** What needs to be done **
Once every line in the data below has been checked for "proof", give the number of lines that hold it, and only that.

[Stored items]
________________________________________
lemma Stiefel_subset_interior_OmegaSet: "(Stiefel :: (real^'p^'n) set) \<subseteq> interior OmegaSet"
proof
  fix X :: "real^'p^'n" assume X: "X \<in> Stiefel"
  define c where "c = real CARD('n) * real CARD('p)"
  have "c > 0"
    by (simp add: c_def)
  have "ball X (1 / (12 * c)) \<subseteq> OmegaSet"
  proof
    fix Y assume "Y \<in> ball X (1 / (12 * c))"
    then have "c * norm (Y - X) < 1 / 12"
      using \<open>c > 0\<close> by (simp add: dist_norm norm_minus_commute field_simps)
    moreover have "spec_norm Y \<le> spec_norm X + spec_norm (Y - X)"
      using spec_norm_add[of X "Y - X"] by simp
    ultimately show "Y \<in> OmegaSet"
      using spec_norm_Stiefel[OF X] spec_norm_le_norm[of "Y - X"]
      by (simp add: OmegaSet_def c_def)
  qed
  then show "X \<in> interior OmegaSet"
    unfolding mem_interior using \<open>c > 0\<close> by (intro exI[of _ "1 / (12 * c)"]) simp
qed

lemma bounded_OmegaSet: "bounded (OmegaSet :: (real^'p^'n) set)"
  unfolding bounded_iff
proof (intro exI ballI)
  fix Y :: "real^'p^'n" assume "Y \<in> OmegaSet"
  then have "\<bar>Y $ i $ j\<bar> \<le> 13 / 12" for i j
    using matrix_component_le_onorm[of Y i j] by (simp add: OmegaSet_def spec_norm_def eta_contract_eq)
  then have "norm (Y $ i) \<le> real CARD('p) * (13 / 12)" for i
    using norm_le_l1_cart[of "Y $ i"] sum_mono[of UNIV "\<lambda>j. \<bar>Y $ i $ j\<bar>" "\<lambda>_. 13 / 12"] by simp
  then have "(\<Sum>i\<in>UNIV. norm (Y $ i)) \<le> (\<Sum>i\<in>(UNIV::'n set). real CARD('p) * (13 / 12))"
    by (intro sum_mono)
  then have "(\<Sum>i\<in>UNIV. norm (Y $ i)) \<le> real CARD('n) * (real CARD('p) * (13 / 12))"
    by simp
  moreover have "norm Y \<le> (\<Sum>i\<in>UNIV. norm (Y $ i))"
    unfolding norm_vec_def by (rule L2_set_le_sum) simp
  ultimately show "norm Y \<le> real CARD('n) * (real CARD('p) * (13 / 12))"
    by linarith
qed

section \<open>The gradients of g and h\<close>

lemma transpose_Acal: "transpose (Acal Y) = Acal Y"
  by (simp add: Acal_def transpose_diff transpose_scalar matrix_transpose_mul)

lemma has_derivative_Acal:
  "(Acal has_derivative (\<lambda>D. - symPart (transpose Y ** D))) (at Y)"
  unfolding Acal_def[abs_def]
  by (rule has_derivative_eq_rhs, (rule derivative_intros)+)
     (simp add: fun_eq_iff symPart_def matrix_transpose_mul algebra_simps)

(* The derivative of Y \<mapsto> Y ** Acal Y at Y. Being self-adjoint, it also carries
   grad f (Y ** Acal Y) to grad (gfun f) Y. *)
definition JA :: "real^'p^'n \<Rightarrow> real^'p^'n \<Rightarrow> real^'p^'n" where
  "JA Y D = D ** Acal Y - Y ** symPart (transpose Y ** D)"

lemma has_derivative_mult_Acal: "((\<lambda>Y. Y ** Acal Y) has_derivative JA Y) (at Y)"
  by (rule has_derivative_eq_rhs, (rule derivative_intros has_derivative_Acal)+)
     (simp add: fun_eq_iff JA_def matrix_minus_right)

lemma inner_JA_commute: "G \<bullet> JA Y D = JA Y G \<bullet> D"
proof -
  have A: "G \<bullet> (D ** Acal Y) = (G ** Acal Y) \<bullet> D"
    by (metis inner_commute inner_matrix_mult_right transpose_Acal)
  have "G \<bullet> (Y ** symPart (transpose Y ** D)) = symPart (transpose Y ** D) \<bullet> (transpose Y ** G)"
    by (metis inner_commute inner_matrix_mult_left)
  also have "\<dots> = symPart (transpose Y ** G) \<bullet> (transpose Y ** D)"
    by (metis inner_commute inner_symPart_commute)
  also have "\<dots> = (Y ** symPart (transpose Y ** G)) \<bullet> D"
    by (metis inner_commute inner_matrix_mult_left transpose_transpose)
  finally show ?thesis
    unfolding JA_def inner_diff_left inner_diff_right A by simp
qed

lemma has_derivative_JA_comp:
  assumes "(W has_derivative W') (at X)"
  shows "((\<lambda>Y. JA Y (W Y)) has_derivative
           (\<lambda>D. JA X (W' D) - W X ** symPart (transpose X ** D) - D ** symPart (transpose X ** W X)
                - X ** symPart (transpose D ** W X))) (at X)"
  unfolding JA_def
  by (rule has_derivative_eq_rhs, (rule derivative_intros has_derivative_Acal assms)+)
     (simp add: fun_eq_iff symPart_add matrix_add_ldistrib matrix_minus_right)

lemma grad_gfun:
  assumes "f differentiable (at (Y ** Acal Y))"
  shows "grad (gfun f) Y = JA Y (grad f (Y ** Acal Y))"
proof (rule grad_eqI)
  have "((\<lambda>Y. f (Y ** Acal Y)) has_derivative (\<lambda>D. grad f (Y ** Acal Y) \<bullet> JA Y D)) (at Y)"
    using has_derivative_compose[OF has_derivative_mult_Acal has_derivative_grad[OF assms]] .
  then show "(gfun f has_derivative (\<lambda>D. JA Y (grad f (Y ** Acal Y)) \<bullet> D)) (at Y)"
    by (simp add: gfun_def[abs_def] inner_JA_commute)
qed

lemma has_derivative_penalty:
  fixes Y :: "real^'p^'n"
  shows "((\<lambda>Y. \<beta> / 4 * (norm (transpose Y ** Y - mat 1))\<^sup>2) has_derivative
           (\<lambda>D. (\<beta> *\<^sub>R (Y ** (transpose Y ** Y - mat 1))) \<bullet> D)) (at Y)"
  unfolding power2_norm_eq_inner
proof (rule has_derivative_eq_rhs, (rule derivative_intros)+, rule ext)
  fix D :: "real^'p^'n"
  define E where "E = transpose Y ** Y - mat 1"
  have "transpose E = E"
    by (simp add: E_def transpose_diff matrix_transpose_mul)
  then have "E \<bullet> (transpose D ** Y) = E \<bullet> (transpose Y ** D)"
    by (metis inner_transpose matrix_transpose_mul transpose_transpose)
  moreover have "E \<bullet> (transpose Y ** D) = (Y ** E) \<bullet> D"
    by (metis inner_commute inner_matrix_mult_left transpose_transpose)
  ultimately show "\<beta> / 4 * (E \<bullet> (transpose Y ** D + transpose D ** Y - 0)
      + (transpose Y ** D + transpose D ** Y - 0) \<bullet> E) = (\<beta> *\<^sub>R (Y ** E)) \<bullet> D"
    by (simp add: inner_add_right inner_commute[of _ E])
qed

lemma grad_hfun:
  assumes "f differentiable (at (Y ** Acal Y))"
  shows "grad (hfun f \<beta>) Y = grad (gfun f) Y + \<beta> *\<^sub>R (Y ** (transpose Y ** Y - mat 1))"
proof (rule grad_eqI)
  show "(hfun f \<beta> has_derivative
          (\<lambda>D. (grad (gfun f) Y + \<beta> *\<^sub>R (Y ** (transpose Y ** Y - mat 1))) \<bullet> D)) (at Y)"
    unfolding hfun_def[abs_def] inner_add_left
    by (intro has_derivative_add has_derivative_penalty has_derivative_grad)
       (use differentiable_chain_at[OF differentiableI[OF has_derivative_mult_Acal] assms] in
        \<open>simp add: gfun_def[abs_def] o_def\<close>)
qed

section \<open>Second-order behaviour at critical points on the Stiefel manifold\<close>

lemma Stiefel_mult_cancel: "X \<in> Stiefel \<Longrightarrow> transpose X ** (X ** M) = M"
  by (simp add: Stiefel_def matrix_mul_assoc)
________________________________________
** Result of this exercise **
7